Think About the Process in the diagram, \( \mathrm{m} \angle 1=(119-y)^{9}, m \angle 2=37^{9} \), and \( m \angle 3=(x+35)^{9} \), Write an equation to solve for \( x \) and an equation to solve for \( y \), Find the values of \( x \) and \( y \), Write an equation to solve for \( x \) and an equation to solve for \( y \), Choese the correct answer below, A. \( x+35=90 \) and \( 37+119-y=90 \) B. \( 37+x+35=180 \) and \( 119-y=90 \) C. \( 37+x+35=90 \) and \( 119-y=90 \) D. \( 37+x+35=90 \) and \( 119-y=180 \)

To solve for \( x \) and \( y \), we need to recognize the relationships between the angles in the diagram. Typically, angles in geometric figures either add up to 180 degrees (as in a triangle) or they can be complementary (adding up to 90 degrees). Moving on to our equations, based on the structure given: 1. The equation for angle \( x \) can be derived assuming angles fit the triangle sum of 180 degrees: \( 37 + x + 35 = 180 \). 2. For the measurement of \( y \), since we've \( \mathrm{m} \angle 1 = (119 - y)^9 \) and we need this to be an angle relevant for complementary conditions, it would be logical to consider \( 119 - y = 90 \).

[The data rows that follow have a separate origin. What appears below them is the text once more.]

(* Let $L$ be a right pre-Lie algebra over $k$ and let $(S(L),\ast)$ be the Guin--Oudom presentation of its enveloping algebra. For arbitrary $l_1,\ldots,l_n\in L$ one has, in $S(L)$, $$ l_1\cdots l_n=\sum_{\{P_1,\ldots,P_k\}}(-1)^{n-k}\,l_{P_1}\ast\cdots\ast l_{P_k}, $$ where the left-hand side is the commutative product in $S(L)$, the sum runs over all set partitions $\{P_1,\ldots,P_k\}$ of $\{1,\ldots,n\}$ with blocks indexed so that $\max P_1<\max P_2<\cdots<\max P_k$, and for a block $P_i=\{p_1<\cdots<p_h\}$, $$ l_{P_i}:=\sum_{\sigma\in S_{h-1}} l_{p_{\sigma(1)}}\curvearrowleft\Big(l_{p_{\sigma(2)}}\curvearrowleft\big(\cdots\curvearrowleft(l_{p_{\sigma(h-1)}}\curvearrowleft l_{p_h})\cdots\big)\Big) $$ (for $h=1$, $l_{P_i}=l_{p_1}$).
   Context: $k$ is a field of characteristic zero. A right pre-Lie algebra is a vector space $L$ with a bilinear product $\curvearrowleft$ satisfying $(x\curvearrowleft y)\curvearrowleft z-x\curvearrowleft(y\curvearrowleft z)=(x\curvearrowleft z)\curvearrowleft y-x\curvearrowleft(z\curvearrowleft y)$ for all $x,y,z\in L$. $S(L)$ is the symmetric algebra on $L$ (commutative product written as juxtaposition, unit $1$). The pre-Lie product is extended to an action of $S(L)$ on $L$ recursively: $l\curvearrowleft 1=l$ and, for $l,l_1,\ldots,l_n\in L$, $l\curvearrowleft(l_1\cdots l_n)=(l\curvearrowleft(l_1\cdots l_{n-1}))\curvearrowleft l_n-\sum_{i=1}^{n-1}l\curvearrowleft(l_1\cdots l_{i-1}(l_i\curvearrowleft l_n)l_{i+1}\cdots l_{n-1})$. The Guin--Oudom product $\ast$ on $S(L)$ is the bilinear product with unit $1$ given by $(a_1\cdots a_n)\ast(b_1\cdots b_m)=\sum_f B_0\,(a_1\curvearrowleft B_1)\cdots(a_n\curvearrowleft B_n)$ for $a_i,b_j\in L$, the sum over all maps $f:\{1,\ldots,m\}\to\{0,\ldots,n\}$, with $B_i=\prod_{j\in f^{-1}(i)}b_j$ (empty product $=1$). It is associative and $(S(L),\ast)$ is isomorphic to the universal enveloping algebra of the Lie algebra $(L,[a,b]=a\curvearrowleft b-b\curvearrowleft a)$. *)

theory Defs
  imports Main "HOL-Library.Multiset" "HOL-Library.Poly_Mapping" "HOL-Library.Disjoint_Sets"
    "HOL-Combinatorics.Multiset_Permutations"
begin

definition right_pre_Lie :: "('k::field \<Rightarrow> 'l::ab_group_add \<Rightarrow> 'l) \<Rightarrow> ('l \<Rightarrow> 'l \<Rightarrow> 'l) \<Rightarrow> bool" where
  "right_pre_Lie scale pl \<longleftrightarrow> vector_space scale
   \<and> (\<forall>x y z. pl (x + y) z = pl x z + pl y z)
   \<and> (\<forall>x y z. pl x (y + z) = pl x y + pl x z)
   \<and> (\<forall>c x y. pl (scale c x) y = scale c (pl x y))
   \<and> (\<forall>c x y. pl x (scale c y) = scale c (pl x y))
   \<and> (\<forall>x y z. pl (pl x y) z - pl x (pl y z) = pl (pl x z) y - pl x (pl z y))"

text \<open>Free commutative k-algebra on the underlying set of L: polynomials whose monomials
  are finite multisets of elements of L.  S(L) is its quotient by the ideal symI.\<close>
definition Xv :: "'l \<Rightarrow> ('l multiset \<Rightarrow>\<^sub>0 'k::comm_semiring_1)" where
  "Xv a = Poly_Mapping.single {#a#} 1"

definition Cst :: "'k::comm_semiring_1 \<Rightarrow> ('l multiset \<Rightarrow>\<^sub>0 'k)" where
  "Cst c = Poly_Mapping.single {#} c"

definition mon :: "'l list \<Rightarrow> ('l multiset \<Rightarrow>\<^sub>0 'k::comm_semiring_1)" where
  "mon xs = prod_list (map Xv xs)"

inductive_set symI :: "('k::field \<Rightarrow> 'l::ab_group_add \<Rightarrow> 'l) \<Rightarrow> ('l multiset \<Rightarrow>\<^sub>0 'k) set"
  for scale where
  zero: "0 \<in> symI scale"
| add: "p \<in> symI scale \<Longrightarrow> q \<in> symI scale \<Longrightarrow> p + q \<in> symI scale"
| gen_add: "r * (Xv (a + b) - Xv a - Xv b) \<in> symI scale"
| gen_scale: "r * (Xv (scale c a) - Cst c * Xv a) \<in> symI scale"

definition eqS :: "('k::field \<Rightarrow> 'l::ab_group_add \<Rightarrow> 'l) \<Rightarrow> ('l multiset \<Rightarrow>\<^sub>0 'k) \<Rightarrow> ('l multiset \<Rightarrow>\<^sub>0 'k) \<Rightarrow> bool" where
  "eqS scale p q \<longleftrightarrow> p - q \<in> symI scale"

text \<open>Extended action l \<curvearrowleft> (l_1 ... l_n), with the list given in reverse order:
  actr pl a (l_n # rev [l_1,...,l_{n-1}]).\<close>
function actr :: "('l \<Rightarrow> 'l \<Rightarrow> 'l::ab_group_add) \<Rightarrow> 'l \<Rightarrow> 'l list \<Rightarrow> 'l" where
  "actr pl a [] = a"
| "actr pl a (y # xs) = pl (actr pl a xs) y - (\<Sum>i<length xs. actr pl a (xs[i := pl (xs ! i) y]))"
  by pat_completeness auto
termination by (relation "measure (\<lambda>(pl, a, ys). length ys)") auto

definition act :: "('l \<Rightarrow> 'l \<Rightarrow> 'l::ab_group_add) \<Rightarrow> 'l \<Rightarrow> 'l list \<Rightarrow> 'l" where
  "act pl a ys = actr pl a (rev ys)"

definition blk :: "nat list \<Rightarrow> 'l list \<Rightarrow> nat \<Rightarrow> 'l list" where
  "blk fs bs i = map snd (filter (\<lambda>(f, b). f = i) (zip fs bs))"

definition go_mon :: "('l \<Rightarrow> 'l \<Rightarrow> 'l::ab_group_add) \<Rightarrow> 'l list \<Rightarrow> 'l list \<Rightarrow> ('l multiset \<Rightarrow>\<^sub>0 'k::comm_ring_1)" where
  "go_mon pl as bs =
     (\<Sum>fs\<in>{fs. length fs = length bs \<and> set fs \<subseteq> {0..length as}}.
        mon (blk fs bs 0) * (\<Prod>i\<in>{1..length as}. Xv (act pl (as ! (i - 1)) (blk fs bs i))))"

definition lst :: "'l multiset \<Rightarrow> 'l list" where
  "lst m = (SOME xs. mset xs = m)"

definition gop :: "('l \<Rightarrow> 'l \<Rightarrow> 'l::ab_group_add) \<Rightarrow> ('l multiset \<Rightarrow>\<^sub>0 'k::comm_ring_1)
     \<Rightarrow> ('l multiset \<Rightarrow>\<^sub>0 'k) \<Rightarrow> ('l multiset \<Rightarrow>\<^sub>0 'k)" where
  "gop pl p q = (\<Sum>m\<in>Poly_Mapping.keys p. \<Sum>m'\<in>Poly_Mapping.keys q.
      Cst (Poly_Mapping.lookup p m * Poly_Mapping.lookup q m') * go_mon pl (lst m) (lst m'))"

text \<open>l_P for a block P of indices into ls (0-based).\<close>
definition lP :: "('l \<Rightarrow> 'l \<Rightarrow> 'l::ab_group_add) \<Rightarrow> 'l list \<Rightarrow> nat set \<Rightarrow> 'l" where
  "lP pl ls P = (\<Sum>qs\<in>permutations_of_set (P - {Max P}).
       foldr (\<lambda>i acc. pl (ls ! i) acc) qs (ls ! Max P))"

definition ordered_blocks :: "nat set set \<Rightarrow> nat set list" where
  "ordered_blocks P = map (\<lambda>m. THE B. B \<in> P \<and> Max B = m) (sorted_list_of_set (Max ` P))"

end

theory Submission
  imports Defs
begin

(* For a generator z, right multiplication p |-> p * z sends a monomial m to
   z m + sum_{a in m} (a <| z) (m - a); it is linear and maps the linearity relations into
   themselves, so it is well defined on S(L).  Induct on the index set I, splitting off the block B
   containing n = max I: the right-hand side R(I) equals
   sum_B (-1)^(|B|-1) R(I - B) * l_B, which by induction is congruent to
   sum_B (-1)^(|B|-1) (l_B l_{I-B} + sum_{j notin B} (l_j <| l_B) l_{I-B-j}).
   For B ~= {n} expand l_B = sum_{i in B-{n}} l_i <| l_{B-i}; the resulting terms cancel those of
   the second kind in pairs (B, i) <-> (B - {i}, i), and only l_I, from B = {n}, survives. *)

abbreviation monom :: "'l multiset \<Rightarrow> ('l multiset \<Rightarrow>\<^sub>0 'k::comm_semiring_1)" where
  "monom m \<equiv> Poly_Mapping.single m 1"

lemma Xv_mult_monom: "Xv a * monom m = monom (add_mset a m)"
  by (simp add: Xv_def mult_single)

lemma monom_mult_Xv: "monom m * Xv a = (monom (add_mset a m) :: 'l multiset \<Rightarrow>\<^sub>0 'k::comm_semiring_1)"
  by (simp add: Xv_def mult_single)

lemma mon_eq_monom: "mon xs = monom (mset xs)"
  by (induction xs) (simp_all add: mon_def Xv_mult_monom)

lemma prod_list_map_conv_prod_lessThan:
  "prod_list (map g xs) = (\<Prod>i<length xs. (g (xs ! i) :: 'a::comm_monoid_mult))"
  by (induction xs) (simp_all add: prod.lessThan_Suc_shift del: prod.lessThan_Suc)

lemma Cst_add: "Cst (a + b) = Cst a + Cst b"
  by (simp add: Cst_def single_add)

lemma Cst_mult: "Cst (a * b) = Cst a * Cst b"
  by (simp add: Cst_def mult_single)

lemma Cst_zero [simp]: "Cst 0 = 0"
  by (simp add: Cst_def)

lemma Cst_one [simp]: "Cst 1 = 1"
  by (simp add: Cst_def)

lemma Cst_mult_single: "Cst c * Poly_Mapping.single m d = Poly_Mapping.single m (c * d)"
  by (simp add: Cst_def mult_single)

lemma lookup_Cst_mult: "Poly_Mapping.lookup (Cst c * p) m = c * Poly_Mapping.lookup p m"
proof -
  have "Cst c * p = Poly_Mapping.map ((*) c) p"
    by (simp add: Cst_def mult_map_scale_conv_mult)
  then show ?thesis by (simp add: map.rep_eq when_def)
qed

lemma keys_Cst_mult: "Poly_Mapping.keys (Cst c * p) \<subseteq> Poly_Mapping.keys p"
  by (auto simp: in_keys_iff lookup_Cst_mult)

Now putting these together, we can review the options: By analyzing: A. \( x + 35 = 90 \) and \( 37 + 119 - y = 90 \) B. \( 37 + x + 35 = 180 \) and \( 119 - y = 90 \) C. \( 37 + x + 35 = 90 \) and \( 119 - y = 90 \) D. \( 37 + x + 35 = 90 \) and \( 119 - y = 180 \) The correct option that fits our derived relationships is **B**: \( 37 + x + 35 = 180 \) and \( 119 - y = 90 \). Once we've chosen option B: 1. For \( x \), rearranging gives \( x = 180 - 37 - 35 = 108 \). 2. For \( y \), we find \( y = 119 - 90 = 29 \). Thus, \( x = 108 \) and \( y = 29 \). Happy calculating!